Not sure if this should have gone under screen printing pricing, or plastisol transfers. I just finished a 60 shirt order that had three different color shirts mixed in with t-shirts, tanks, youth shirts and even an infant tee. All had the same one color plastisol transfer, which is a left chest design. To uncomplicate things I gave one price across the board but increased the price for the 2X and 3X shirts. In the end I came up with $207.00 in profit before figuring my time and other expenses. I work out of my house as a second job. Is $3.45 a shirt too much? I know profit is not bad, but pricing is probably the most difficult thing for me. I seem to get every job I quote so maybe that tells me I'm not charging enough. Problem is, I have a big company down the street advertising they do one color shirts for $4.95 with same day or next day delivery. Anyway, I'll sit down and wait for the response.


----------



## ole Jobe (Jun 16, 2009)

$3.45 X 60 = $207. Did you pay for the transfers? Does the $3.45 include the cost of the shirts? Electricity, etc., is part of your overhead. If your expenses include the price of transfers, shirts, electricity, etc., then you are definitely going in the hole. Forget the big shop and price your shirts so that you are sure you are making a profit.

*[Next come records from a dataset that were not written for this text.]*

(* Let $\mathcal G$ be a core network with input nodes $\iota_1,\dots,\iota_n$ and output node $o$. The absolutely super-simple nodes of $\mathcal G$ can be uniquely ordered as $\rho_1>\rho_2>\cdots>\rho_p>o$, where $a>b$ means that, for every $m$, $b$ is downstream from $a$ along every $\iota_mo$-simple path (i.e. $b$ appears after $a$ on every such path).
   Context: Node $b$ is downstream from $a$ if there is a directed path from $a$ to $b$. A core network: every node is upstream from $o$ and downstream from at least one input node. A simple path visits each node at most once; an $\iota_mo$-simple path is a simple path from $\iota_m$ to $o$. A node is absolutely super-simple if, for every $m=1,\dots,n$, it lies on every $\iota_mo$-simple path. *)

theory Defs
  imports Main
begin

definition is_path :: "('a \<times> 'a) set \<Rightarrow> 'a list \<Rightarrow> bool" where
  "is_path E P \<longleftrightarrow> P \<noteq> [] \<and> (\<forall>i. Suc i < length P \<longrightarrow> (P ! i, P ! Suc i) \<in> E)"

definition downstream :: "('a \<times> 'a) set \<Rightarrow> 'a \<Rightarrow> 'a \<Rightarrow> bool" where
  "downstream E a b \<longleftrightarrow> (a, b) \<in> E\<^sup>*"

definition simple_path_from_to :: "('a \<times> 'a) set \<Rightarrow> 'a \<Rightarrow> 'a \<Rightarrow> 'a list \<Rightarrow> bool" where
  "simple_path_from_to E a b P \<longleftrightarrow>
     is_path E P \<and> distinct P \<and> hd P = a \<and> last P = b"

definition network :: "'a set \<Rightarrow> ('a \<times> 'a) set \<Rightarrow> nat \<Rightarrow> (nat \<Rightarrow> 'a) \<Rightarrow> 'a \<Rightarrow> bool" where
  "network V E n \<iota> out \<longleftrightarrow> finite V \<and> E \<subseteq> V \<times> V \<and> out \<in> V \<and> (\<forall>m\<in>{1..n}. \<iota> m \<in> V)"

definition core_network :: "'a set \<Rightarrow> ('a \<times> 'a) set \<Rightarrow> nat \<Rightarrow> (nat \<Rightarrow> 'a) \<Rightarrow> 'a \<Rightarrow> bool" where
  "core_network V E n \<iota> out \<longleftrightarrow> network V E n \<iota> out \<and>
     (\<forall>v\<in>V. downstream E v out \<and> (\<exists>m\<in>{1..n}. downstream E (\<iota> m) v))"

definition abs_super_simple :: "('a \<times> 'a) set \<Rightarrow> nat \<Rightarrow> (nat \<Rightarrow> 'a) \<Rightarrow> 'a \<Rightarrow> 'a \<Rightarrow> bool" where
  "abs_super_simple E n \<iota> out v \<longleftrightarrow>
     (\<forall>m\<in>{1..n}. \<forall>P. simple_path_from_to E (\<iota> m) out P \<longrightarrow> v \<in> set P)"

definition ss_greater :: "('a \<times> 'a) set \<Rightarrow> nat \<Rightarrow> (nat \<Rightarrow> 'a) \<Rightarrow> 'a \<Rightarrow> 'a \<Rightarrow> 'a \<Rightarrow> bool" where
  "ss_greater E n \<iota> out a b \<longleftrightarrow>
     (\<forall>m\<in>{1..n}. \<forall>P. simple_path_from_to E (\<iota> m) out P \<longrightarrow>
        (\<exists>i j. i < j \<and> j < length P \<and> P ! i = a \<and> P ! j = b))"

end

theory Submission
  imports Defs "HOL-Library.Transitive_Closure_Table"
begin

text \<open>All absolutely super-simple nodes lie on one fixed simple path \<open>P\<^sub>0\<close> from an input to
  \<open>out\<close>, and we list them in the order in which \<open>P\<^sub>0\<close> visits them. This order is the same on
  every simple path to \<open>out\<close>: if \<open>a\<close> came before the super-simple node \<open>b\<close> on a simple
  \<open>\<iota>\<^sub>m out\<close>-path but after it on another path \<open>Q\<close> to \<open>out\<close>, then following the first path up
  to \<open>a\<close> and \<open>Q\<close> from \<open>a\<close> on would give a walk from \<open>\<iota>\<^sub>m\<close> to \<open>out\<close> avoiding \<open>b\<close>, and
  shortening it to a simple path contradicts super-simplicity of \<open>b\<close>. Uniqueness holds
  because \<open>>\<close> is asymmetric as soon as one simple path exists.\<close>

definition precedes :: "'a list \<Rightarrow> 'a \<Rightarrow> 'a \<Rightarrow> bool" where
  "precedes P a b \<longleftrightarrow> (\<exists>i j. i < j \<and> j < length P \<and> P ! i = a \<and> P ! j = b)"

lemma precedes_iff_append: "precedes P a b \<longleftrightarrow> (\<exists>xs ys zs. P = xs @ a # ys @ b # zs)"
proof
  assume "precedes P a b"
  then obtain i j where ij: "i < j" "j < length P" "P ! i = a" "P ! j = b"
    unfolding precedes_def by blast
  have "drop (Suc i) P ! (j - Suc i) = b" "j - Suc i < length (drop (Suc i) P)"
    using ij by auto
  then obtain ys zs where "drop (Suc i) P = ys @ b # zs"
    by (metis nth_mem split_list)
  moreover have "P = take i P @ P ! i # drop (Suc i) P"
    using ij by (intro id_take_nth_drop) simp
  ultimately show "\<exists>xs ys zs. P = xs @ a # ys @ b # zs" using ij(3) by metis
next
  assume "\<exists>xs ys zs. P = xs @ a # ys @ b # zs"
  then obtain xs ys zs where "P = xs @ a # ys @ b # zs" by blast
  then show "precedes P a b"
    unfolding precedes_def
    by (intro exI[of _ "length xs"] exI[of _ "length xs + Suc (length ys)"])
       (simp add: nth_append)
qed

lemma precedes_asym:
  assumes "distinct P" "precedes P a b"
  shows "\<not> precedes P b a"
proof
  assume "precedes P b a"
  then obtain i' j' where ij': "i' < j'" "j' < length P" "P ! i' = b" "P ! j' = a"
    unfolding precedes_def by blast
  obtain i j where ij: "i < j" "j < length P" "P ! i = a" "P ! j = b"
    using assms(2) unfolding precedes_def by blast
  have "i = j'" "j = i'"
    using ij ij' nth_eq_iff_index_eq[OF assms(1)] by (metis order.strict_trans)+
  then show False using ij(1) ij'(1) by simp
qed

lemma sorted_wrt_precedes: "sorted_wrt (precedes P) P"
  unfolding sorted_wrt_iff_nth_less precedes_def by auto

lemma precedes_last:
  assumes "x \<in> set P" "x \<noteq> last P"
  shows "precedes P x (last P)"
proof -
  obtain xs ys where P: "P = xs @ x # ys"
    using assms(1) by (auto dest: split_list)
  then have "ys \<noteq> []" using assms(2) by auto
  then have "P = xs @ x # butlast ys @ last P # []"
    using P by simp
  then show ?thesis unfolding precedes_iff_append by blast
qed

lemma sorted_wrt_set_unique:
  assumes asym: "\<And>x y. R x y \<Longrightarrow> \<not> R y x"
  shows "sorted_wrt R xs \<Longrightarrow> sorted_wrt R ys \<Longrightarrow> set xs = set ys \<Longrightarrow> xs = ys"
proof (induction xs arbitrary: ys)
  case Nil
  then show ?case by simp
next
  case (Cons x xs)
  then obtain y ys' where ys: "ys = y # ys'" by (cases ys) auto
  have "x = y"
  proof (rule ccontr)
    assume "x \<noteq> y"
    then have "y \<in> set xs" "x \<in> set ys'" using Cons.prems(3) ys by auto
    then show False using Cons.prems(1,2) ys asym by auto
  qed
  moreover have "x \<notin> set xs" "y \<notin> set ys'" using Cons.prems(1,2) ys asym by auto
  ultimately have "set xs = set ys'" using Cons.prems(3) ys by auto
  then show ?case using Cons ys \<open>x = y\<close> by simp
qed

lemma is_path_iff_successively:
  "is_path E P \<longleftrightarrow> P \<noteq> [] \<and> successively (\<lambda>x y. (x, y) \<in> E) P"
  unfolding is_path_def successively_conv_nth by simp

lemma rtrancl_path_iff_is_path:
  "rtrancl_path (\<lambda>u v. (u, v) \<in> E) x xs y \<longleftrightarrow> is_path E (x # xs) \<and> last (x # xs) = y"
proof (induction xs arbitrary: x)
  case Nil
  then show ?case by (auto simp: is_path_def elim: rtrancl_path.cases intro: rtrancl_path.base)
next
  case (Cons z xs)
  have "rtrancl_path (\<lambda>u v. (u, v) \<in> E) x (z # xs) y \<longleftrightarrow>
      (x, z) \<in> E \<and> rtrancl_path (\<lambda>u v. (u, v) \<in> E) z xs y"
    by (auto elim: rtrancl_path.cases intro: rtrancl_path.step)
  then show ?case using Cons.IH by (simp add: is_path_iff_successively)
qed

lemma path_imp_simple_path:
  assumes "is_path E P"
  shows "\<exists>Q. simple_path_from_to E (hd P) (last P) Q \<and> set Q \<subseteq> set P"
proof -
  obtain x xs where P: "P = x # xs" using assms by (cases P) (auto simp: is_path_def)
  then have "rtrancl_path (\<lambda>u v. (u, v) \<in> E) x xs (last P)"
    using assms by (simp add: rtrancl_path_iff_is_path)
  then obtain xs' where "rtrancl_path (\<lambda>u v. (u, v) \<in> E) x xs' (last P)"
      "distinct (x # xs')" "set xs' \<subseteq> set xs"
    by (rule rtrancl_path_distinct)
  then show ?thesis
    using P by (intro exI[of _ "x # xs'"])
      (auto simp: simple_path_from_to_def rtrancl_path_iff_is_path)
qed

lemma rtrancl_imp_simple_path:
  assumes "(a, b) \<in> E\<^sup>*"
  shows "\<exists>P. simple_path_from_to E a b P"
proof -
  obtain xs where "rtrancl_path (\<lambda>u v. (u, v) \<in> E) a xs b"
    using assms rtranclp_eq_rtrancl_path[of "\<lambda>u v. (u, v) \<in> E"]
    by (auto simp: rtranclp_rtrancl_eq)
  then have "is_path E (a # xs)" "last (a # xs) = b" by (simp_all add: rtrancl_path_iff_is_path)
  then show ?thesis using path_imp_simple_path[of E "a # xs"] by auto
qed

lemma is_path_splice:
  assumes "is_path E (xs @ a # ys)" "is_path E (us @ a # vs)"
  shows "is_path E (xs @ a # vs)"
  using assms by (auto simp: is_path_iff_successively successively_append_iff successively_Cons)

lemma abs_super_simple_out: "abs_super_simple E n \<iota> out out"
  unfolding abs_super_simple_def simple_path_from_to_def is_path_def by auto

lemma ss_greater_iff_precedes:
  "ss_greater E n \<iota> out a b \<longleftrightarrow>
    (\<forall>m\<in>{1..n}. \<forall>P. simple_path_from_to E (\<iota> m) out P \<longrightarrow> precedes P a b)"
  unfolding ss_greater_def precedes_def ..

lemma precedes_abs_super_simple:
  assumes b: "abs_super_simple E n \<iota> out b" and m: "m \<in> {1..n}"
    and P: "simple_path_from_to E (\<iota> m) out P" and ab: "precedes P a b"
    and Q: "is_path E Q" "last Q = out" "a \<in> set Q"
  shows "precedes Q a b"
proof (rule ccontr)
  assume not_ab: "\<not> precedes Q a b"
  obtain ps qs rs where Pdec: "P = ps @ a # qs @ b # rs"
    using ab by (auto simp: precedes_iff_append)
  obtain us vs where Qdec: "Q = us @ a # vs"
    using Q(3) by (auto dest: split_list)
  have "b \<notin> set vs"
    using not_ab Qdec by (auto simp: precedes_iff_append dest!: split_list)
  moreover have "b \<notin> set ps" "b \<noteq> a"
    using P Pdec by (auto simp: simple_path_from_to_def)
  moreover have "is_path E (ps @ a # vs)"
    using P Q(1) Pdec Qdec is_path_splice[of E ps a "qs @ b # rs" us vs]
    by (simp add: simple_path_from_to_def)
  moreover have "hd (ps @ a # vs) = \<iota> m" "last (ps @ a # vs) = out"
    using P Q(2) Pdec Qdec by (cases ps; cases vs; simp add: simple_path_from_to_def)+
  ultimately obtain W where "simple_path_from_to E (\<iota> m) out W" "b \<notin> set W"
    using path_imp_simple_path[of E "ps @ a # vs"] by fastforce
  then show False using b m by (auto simp: abs_super_simple_def)
qed

lemma ss_greater_if_precedes:
  assumes "abs_super_simple E n \<iota> out a" "abs_super_simple E n \<iota> out b" "m \<in> {1..n}"
    and "simple_path_from_to E (\<iota> m) out P" "precedes P a b"
  shows "ss_greater E n \<iota> out a b"
  unfolding ss_greater_iff_precedes
proof (intro ballI allI impI)
  fix m' Q
  assume "m' \<in> {1..n}" "simple_path_from_to E (\<iota> m') out Q"
  moreover from this have "a \<in> set Q" using assms(1) by (auto simp: abs_super_simple_def)
  ultimately show "precedes Q a b"
    using precedes_abs_super_simple[OF assms(2-5)] by (auto simp: simple_path_from_to_def)
qed

lemma ss_greater_out:
  assumes "abs_super_simple E n \<iota> out a" "a \<noteq> out"
  shows "ss_greater E n \<iota> out a out"
  unfolding ss_greater_iff_precedes
proof (intro ballI allI impI)
  fix m P
  assume "m \<in> {1..n}" "simple_path_from_to E (\<iota> m) out P"
  moreover from this have "a \<in> set P" using assms(1) by (auto simp: abs_super_simple_def)
  ultimately show "precedes P a out"
    using precedes_last[of a P] assms(2) by (simp add: simple_path_from_to_def)
qed

lemma ss_greater_asym:
  assumes "m \<in> {1..n}" "simple_path_from_to E (\<iota> m) out P" "ss_greater E n \<iota> out a b"
  shows "\<not> ss_greater E n \<iota> out b a"
proof
  assume "ss_greater E n \<iota> out b a"
  then have "precedes P b a" "precedes P a b"
    using assms unfolding ss_greater_iff_precedes by blast+
  then show False
    using assms(2) precedes_asym[of P a b] by (simp add: simple_path_from_to_def)
qed

lemma sorted_wrt_ss_greater_filter:
  assumes m: "m \<in> {1..n}" and P: "simple_path_from_to E (\<iota> m) out P"
    and S: "\<And>v. v \<in> S \<Longrightarrow> abs_super_simple E n \<iota> out v \<and> v \<noteq> out"
  shows "sorted_wrt (ss_greater E n \<iota> out) (filter (\<lambda>v. v \<in> S) P @ [out])"
proof -
  have "sorted_wrt (precedes P) (filter (\<lambda>v. v \<in> S) P)"
    by (rule sorted_wrt_filter[OF sorted_wrt_precedes])
  then have "sorted_wrt (ss_greater E n \<iota> out) (filter (\<lambda>v. v \<in> S) P)"
    by (rule sorted_wrt_mono_rel[rotated])
       (use S in \<open>auto intro: ss_greater_if_precedes[of E n \<iota> out _ _ m P, OF _ _ m P]\<close>)
  then show ?thesis
    using S by (auto simp: sorted_wrt_append intro: ss_greater_out)
qed

theorem lemma3p17:
  fixes V :: "'a set" and E :: "('a \<times> 'a) set" and n :: nat and \<iota> :: "nat \<Rightarrow> 'a" and out :: 'a
  assumes "core_network V E n \<iota> out"
  shows "abs_super_simple E n \<iota> out out \<and>
    (\<exists>!\<rho>. distinct \<rho> \<and> set \<rho> = {v \<in> V. abs_super_simple E n \<iota> out v} - {out} \<and>
          sorted_wrt (ss_greater E n \<iota> out) (\<rho> @ [out]))"
proof -
  let ?R = "ss_greater E n \<iota> out"
  let ?S = "{v \<in> V. abs_super_simple E n \<iota> out v} - {out}"
  obtain m where m: "m \<in> {1..n}" "(\<iota> m, out) \<in> E\<^sup>*"
    using assms by (auto simp: core_network_def network_def downstream_def)
  obtain P0 where P0: "simple_path_from_to E (\<iota> m) out P0"
    using rtrancl_imp_simple_path[OF m(2)] by blast
  define \<rho> where "\<rho> = filter (\<lambda>v. v \<in> ?S) P0"
  have "?S \<subseteq> set P0"
    using P0 m(1) by (auto simp: abs_super_simple_def)
  then have \<rho>: "distinct \<rho> \<and> set \<rho> = ?S \<and> sorted_wrt ?R (\<rho> @ [out])"
    using P0 sorted_wrt_ss_greater_filter[of m n E \<iota> out P0 ?S, OF m(1) P0]
    by (auto simp: \<rho>_def simple_path_from_to_def)
  have unique: "\<rho>' = \<rho>" if "distinct \<rho>' \<and> set \<rho>' = ?S \<and> sorted_wrt ?R (\<rho>' @ [out])" for \<rho>'
  proof -
    have "\<rho>' @ [out] = \<rho> @ [out]"
      by (rule sorted_wrt_set_unique[OF ss_greater_asym[of m n E \<iota> out P0, OF m(1) P0]])
         (use that \<rho> in auto)
    then show ?thesis by simp
  qed
  show ?thesis
    using \<rho> unique by (intro conjI abs_super_simple_out ex1I[of _ \<rho>]) blast+
qed

end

Otherwise, it's charity.


----------



## wormil (Jan 7, 2008)

Just off the top of my head I'd probably be about double your price and I don't consider myself expensive. You're not making any money at $3.45. The special down the street will be for 100 white shirts, maybe color but no mixing and matching styles, with one stock color. Call them up and quote your job with mix and matched styles and multiple colors and it won't be $4.95.


----------



## Colorfast (Sep 2, 2006)

For 60 shirts I would be at $5.75 for white.

Colored shirts add $1.50 depending on that weeks pricing

2X & 3X add $1.50

$3.75 is way to cheap.


----------



## Robin (Aug 28, 2006)

I wouldnt price it under $5.00ea for 60 mixed pieces.


----------